YOUR GOAL = Give again, word for word, each line below starting at the one that contains "(\<forall>x\<in>Obj C. \<forall>a\<in>Hob" and ending at the one that contains "text \<open>The natural".

MATERIAL SHOWN =
(* Let $(\mathcal C,S,T)$ be a finite basic association schemoid whose underlying category is a connected groupoid with $T(f)=f^{-1}$, let $H:\mathcal C\to\mathbb K\text{-Mod}$ be a functor such that $D=\pi^*p^*H$ has all $D_g$ finite abelian groups, let $D_+\to\mathcal E\xrightarrow{q}\mathcal C$ be a linear extension and $(\mathcal E,\widetilde S)$ with $\widetilde S=\{q^{-1}(\sigma)\}_{\sigma\in S}$ the associated schemoid extension, and let $\mathbb K$ be a field. Then the algebra map $\mathbb K(q):\mathbb K(\mathcal E,\widetilde S)\to\mathbb K(\mathcal C,S)$, $s_{\tilde\pi}\mapsto n^q_{\tilde\pi}s_{q(\tilde\pi)}=\#D_g\, s_{q(\tilde\pi)}$, is an isomorphism if and only if the characteristic of $\mathbb K$ does not divide $\#D_g$ for any morphism $g$ of $\mathcal C$; if the characteristic divides $\#D_g$ for some $g$, then $\mathbb K(q)$ is the zero map.
   Context: Write $s(f),t(f)$ for source and target. A quasi-schemoid is a pair $(\mathcal C,S)$ with $\mathcal C$ a small category and $S$ a partition of $mor(\mathcal C)$ into nonempty blocks such that for all $\sigma,\tau,\mu\in S$ and $f,g\in\mu$ the sets $\{(a,b)\in\sigma\times\tau: s(a)=t(b), a\circ b=f\}$ and the analogous set for $g$ have equal cardinality. An association schemoid is a triple $(\mathcal C,S,T)$ with $(\mathcal C,S)$ a quasi-schemoid, every block containing an endomorphism consisting only of endomorphisms, and $T$ a contravariant endofunctor with $T^2=\mathrm{id}$ and $\{T(f):f\in\sigma\}\in S$. It is finite if $mor(\mathcal C)$ is finite, unital if every block meeting $\{1_x\}$ lies in $\{1_x\}$, basic if unital with $\mathcal C$ a groupoid. The category $F(\mathcal C)$ has objects the morphisms of $\mathcal C$ and morphisms $f\to g$ the pairs $(\alpha,\beta)$ with $g=\alpha f\beta$; a natural system is a functor $D:F(\mathcal C)\to\mathbb K\text{-Mod}$, $f_*=D(f,1)$, $g^*=D(1,g)$; $D=\pi^*p^*H$ means $D_f=H(t(f))$, $D(\alpha,\beta)=H(\alpha)$. A linear extension $D_+\to\mathcal E\xrightarrow{q}\mathcal C$ consists of a category $\mathcal E$ with the same objects and a full functor $q$ that is the identity on objects, such that each $D_f$ acts transitively and freely on $q^{-1}(f)$ and $(f_0+\alpha)(g_0+\beta)=f_0g_0+f_*\beta+g^*\alpha$. The category algebra $\mathbb K\mathcal C$ is the free $\mathbb K$-module on $mor(\mathcal C)$ with product $a\cdot b=a\circ b$ if composable and $0$ otherwise; $s_\sigma=\sum_{f\in\sigma}f$; the schemoid algebra $\mathbb K(\mathcal C,S)$ is the span of the $s_\sigma$. $q(\tilde\pi)$ denotes the block of $S$ containing $q(\tilde\pi)$, and $n^q_{\tilde\pi}$ is the number of $f\in\tilde\pi$ with $t(f)=x$ and $q(f)=g$ (for any $x$ and $g\in q(\tilde\pi)$ with $t(g)=x$), which equals $\#D_g$ (constant since $\mathcal C$ is connected). *)

theory Defs
  imports Main "HOL.Modules"
begin

record ('o, 'm) cat =
  Obj  :: "'o set"
  Mor  :: "'m set"
  Dom  :: "'m \<Rightarrow> 'o"
  Cod  :: "'m \<Rightarrow> 'o"
  Comp :: "'m \<Rightarrow> 'm \<Rightarrow> 'm"      (* Comp a b = a \<circ> b, defined when Dom a = Cod b *)
  Ide  :: "'o \<Rightarrow> 'm"

definition is_category :: "('o, 'm) cat \<Rightarrow> bool" where
  "is_category C \<longleftrightarrow>
     (\<forall>f\<in>Mor C. Dom C f \<in> Obj C \<and> Cod C f \<in> Obj C) \<and>
     (\<forall>x\<in>Obj C. Ide C x \<in> Mor C \<and> Dom C (Ide C x) = x \<and> Cod C (Ide C x) = x) \<and>
     (\<forall>f\<in>Mor C. \<forall>g\<in>Mor C. Dom C f = Cod C g \<longrightarrow>
         Comp C f g \<in> Mor C \<and> Dom C (Comp C f g) = Dom C g \<and> Cod C (Comp C f g) = Cod C f) \<and>
     (\<forall>f\<in>Mor C. \<forall>g\<in>Mor C. \<forall>h\<in>Mor C. Dom C f = Cod C g \<longrightarrow> Dom C g = Cod C h \<longrightarrow>
         Comp C (Comp C f g) h = Comp C f (Comp C g h)) \<and>
     (\<forall>f\<in>Mor C. Comp C (Ide C (Cod C f)) f = f \<and> Comp C f (Ide C (Dom C f)) = f)"

definition is_groupoid :: "('o, 'm) cat \<Rightarrow> bool" where
  "is_groupoid C \<longleftrightarrow> is_category C \<and>
     (\<forall>f\<in>Mor C. \<exists>g\<in>Mor C. Dom C g = Cod C f \<and> Cod C g = Dom C f \<and>
         Comp C g f = Ide C (Dom C f) \<and> Comp C f g = Ide C (Cod C f))"

definition connected_cat :: "('o, 'm) cat \<Rightarrow> bool" where
  "connected_cat C \<longleftrightarrow> Obj C \<noteq> {} \<and>
     (\<forall>x\<in>Obj C. \<forall>y\<in>Obj C.
        (x, y) \<in> ({(Dom C f, Cod C f) | f. f \<in> Mor C} \<union> {(Cod C f, Dom C f) | f. f \<in> Mor C})\<^sup>*)"

definition is_partition :: "'m set \<Rightarrow> 'm set set \<Rightarrow> bool" where
  "is_partition M S \<longleftrightarrow> (\<forall>\<sigma>\<in>S. \<sigma> \<noteq> {}) \<and> \<Union>S = M \<and>
     (\<forall>\<sigma>\<in>S. \<forall>\<tau>\<in>S. \<sigma> \<noteq> \<tau> \<longrightarrow> \<sigma> \<inter> \<tau> = {})"

definition structure_pairs :: "('o, 'm) cat \<Rightarrow> 'm set \<Rightarrow> 'm set \<Rightarrow> 'm \<Rightarrow> ('m \<times> 'm) set" where
  "structure_pairs C \<sigma> \<tau> f = {(a, b) \<in> \<sigma> \<times> \<tau>. Dom C a = Cod C b \<and> Comp C a b = f}"

definition quasi_schemoid :: "('o, 'm) cat \<Rightarrow> 'm set set \<Rightarrow> bool" where
  "quasi_schemoid C S \<longleftrightarrow> is_category C \<and> is_partition (Mor C) S \<and>
     (\<forall>\<sigma>\<in>S. \<forall>\<tau>\<in>S. \<forall>\<mu>\<in>S. \<forall>f\<in>\<mu>. \<forall>g\<in>\<mu>.
        card (structure_pairs C \<sigma> \<tau> f) = card (structure_pairs C \<sigma> \<tau> g))"

definition contravariant_involution ::
  "('o, 'm) cat \<Rightarrow> ('o \<Rightarrow> 'o) \<Rightarrow> ('m \<Rightarrow> 'm) \<Rightarrow> bool" where
  "contravariant_involution C To T \<longleftrightarrow>
     (\<forall>x\<in>Obj C. To x \<in> Obj C \<and> To (To x) = x \<and> T (Ide C x) = Ide C (To x)) \<and>
     (\<forall>f\<in>Mor C. T f \<in> Mor C \<and> Dom C (T f) = To (Cod C f) \<and> Cod C (T f) = To (Dom C f)
                 \<and> T (T f) = f) \<and>
     (\<forall>f\<in>Mor C. \<forall>g\<in>Mor C. Dom C f = Cod C g \<longrightarrow> T (Comp C f g) = Comp C (T g) (T f))"

definition association_schemoid ::
  "('o, 'm) cat \<Rightarrow> 'm set set \<Rightarrow> ('o \<Rightarrow> 'o) \<Rightarrow> ('m \<Rightarrow> 'm) \<Rightarrow> bool" where
  "association_schemoid C S To T \<longleftrightarrow> quasi_schemoid C S \<and>
     (\<forall>\<sigma>\<in>S. (\<exists>f\<in>\<sigma>. Dom C f = Cod C f) \<longrightarrow> (\<forall>f\<in>\<sigma>. Dom C f = Cod C f)) \<and>
     contravariant_involution C To T \<and>
     (\<forall>\<sigma>\<in>S. T ` \<sigma> \<in> S)"

definition unital_schemoid :: "('o, 'm) cat \<Rightarrow> 'm set set \<Rightarrow> bool" where
  "unital_schemoid C S \<longleftrightarrow>
     (\<forall>x\<in>Obj C. \<forall>\<sigma>\<in>S. \<sigma> \<inter> {Ide C x} \<noteq> {} \<longrightarrow> \<sigma> \<subseteq> {Ide C x})"

definition finite_basic_association_schemoid ::
  "('o, 'm) cat \<Rightarrow> 'm set set \<Rightarrow> ('o \<Rightarrow> 'o) \<Rightarrow> ('m \<Rightarrow> 'm) \<Rightarrow> bool" where
  "finite_basic_association_schemoid C S To T \<longleftrightarrow>
     association_schemoid C S To T \<and> finite (Mor C) \<and> unital_schemoid C S \<and> is_groupoid C"

text \<open>A functor \<open>H : C \<rightarrow> K-Mod\<close>: each object \<open>x\<close> goes to a K-submodule \<open>Hob x\<close> of an
  ambient K-module (with scalar multiplication \<open>scale\<close>), each morphism to a K-linear map.\<close>
definition module_functor ::
  "('k::field \<Rightarrow> 'v::ab_group_add \<Rightarrow> 'v) \<Rightarrow> ('o, 'm) cat \<Rightarrow> ('o \<Rightarrow> 'v set) \<Rightarrow> ('m \<Rightarrow> 'v \<Rightarrow> 'v) \<Rightarrow> bool" where
  "module_functor scale C Hob Hm \<longleftrightarrow> module scale \<and>
     (\<forall>x\<in>Obj C. 0 \<in> Hob x \<and> (\<forall>a\<in>Hob x. \<forall>b\<in>Hob x. a + b \<in> Hob x) \<and> (\<forall>c. \<forall>a\<in>Hob x. scale c a \<in> Hob x)) \<and>
     (\<forall>f\<in>Mor C. \<forall>a\<in>Hob (Dom C f). Hm f a \<in> Hob (Cod C f)) \<and>
     (\<forall>f\<in>Mor C. \<forall>a\<in>Hob (Dom C f). \<forall>b\<in>Hob (Dom C f). Hm f (a + b) = Hm f a + Hm f b) \<and>
     (\<forall>f\<in>Mor C. \<forall>c. \<forall>a\<in>Hob (Dom C f). Hm f (scale c a) = scale c (Hm f a)) \<and>
     (\<forall>x\<in>Obj C. \<forall>a\<in>Hob x. Hm (Ide C x) a = a) \<and>
     (\<forall>f\<in>Mor C. \<forall>g\<in>Mor C. Dom C f = Cod C g \<longrightarrow>
        (\<forall>a\<in>Hob (Dom C g). Hm (Comp C f g) a = Hm f (Hm g a)))"

text \<open>The natural system \<open>D = \<pi>\<^sup>*p\<^sup>*H\<close>: \<open>D\<^sub>f = H(t(f))\<close>, \<open>D(\<alpha>,\<beta>) = H(\<alpha>)\<close>.\<close>
definition pbH_obj :: "('o, 'm) cat \<Rightarrow> ('o \<Rightarrow> 'v set) \<Rightarrow> 'm \<Rightarrow> 'v set" where
  "pbH_obj C Hob f = Hob (Cod C f)"

definition pbH_map :: "('m \<Rightarrow> 'v \<Rightarrow> 'v) \<Rightarrow> 'm \<times> 'm \<Rightarrow> 'v \<Rightarrow> 'v" where
  "pbH_map Hm \<alpha>\<beta> = Hm (fst \<alpha>\<beta>)"

text \<open>\<open>f\<^sub>* = D(f,1) : D\<^sub>g \<rightarrow> D\<^sub>f\<^sub>g\<close> and \<open>g\<^sup>* = D(1,g) : D\<^sub>f \<rightarrow> D\<^sub>f\<^sub>g\<close>.\<close>
definition lower_star :: "('o, 'm) cat \<Rightarrow> ('m \<Rightarrow> 'v \<Rightarrow> 'v) \<Rightarrow> 'm \<Rightarrow> 'm \<Rightarrow> 'v \<Rightarrow> 'v" where
  "lower_star C Hm f g = pbH_map Hm (f, Ide C (Dom C g))"

definition upper_star :: "('o, 'm) cat \<Rightarrow> ('m \<Rightarrow> 'v \<Rightarrow> 'v) \<Rightarrow> 'm \<Rightarrow> 'm \<Rightarrow> 'v \<Rightarrow> 'v" where
  "upper_star C Hm f g = pbH_map Hm (Ide C (Cod C f), g)"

OUTPUT OF THE EXERCISE =
     (\<forall>x\<in>Obj C. \<forall>a\<in>Hob x. Hm (Ide C x) a = a) \<and>
     (\<forall>f\<in>Mor C. \<forall>g\<in>Mor C. Dom C f = Cod C g \<longrightarrow>
        (\<forall>a\<in>Hob (Dom C g). Hm (Comp C f g) a = Hm f (Hm g a)))"

text \<open>The natural system \<open>D = \<pi>\<^sup>*p\<^sup>*H\<close>: \<open>D\<^sub>f = H(t(f))\<close>, \<open>D(\<alpha>,\<beta>) = H(\<alpha>)\<close>.\<close>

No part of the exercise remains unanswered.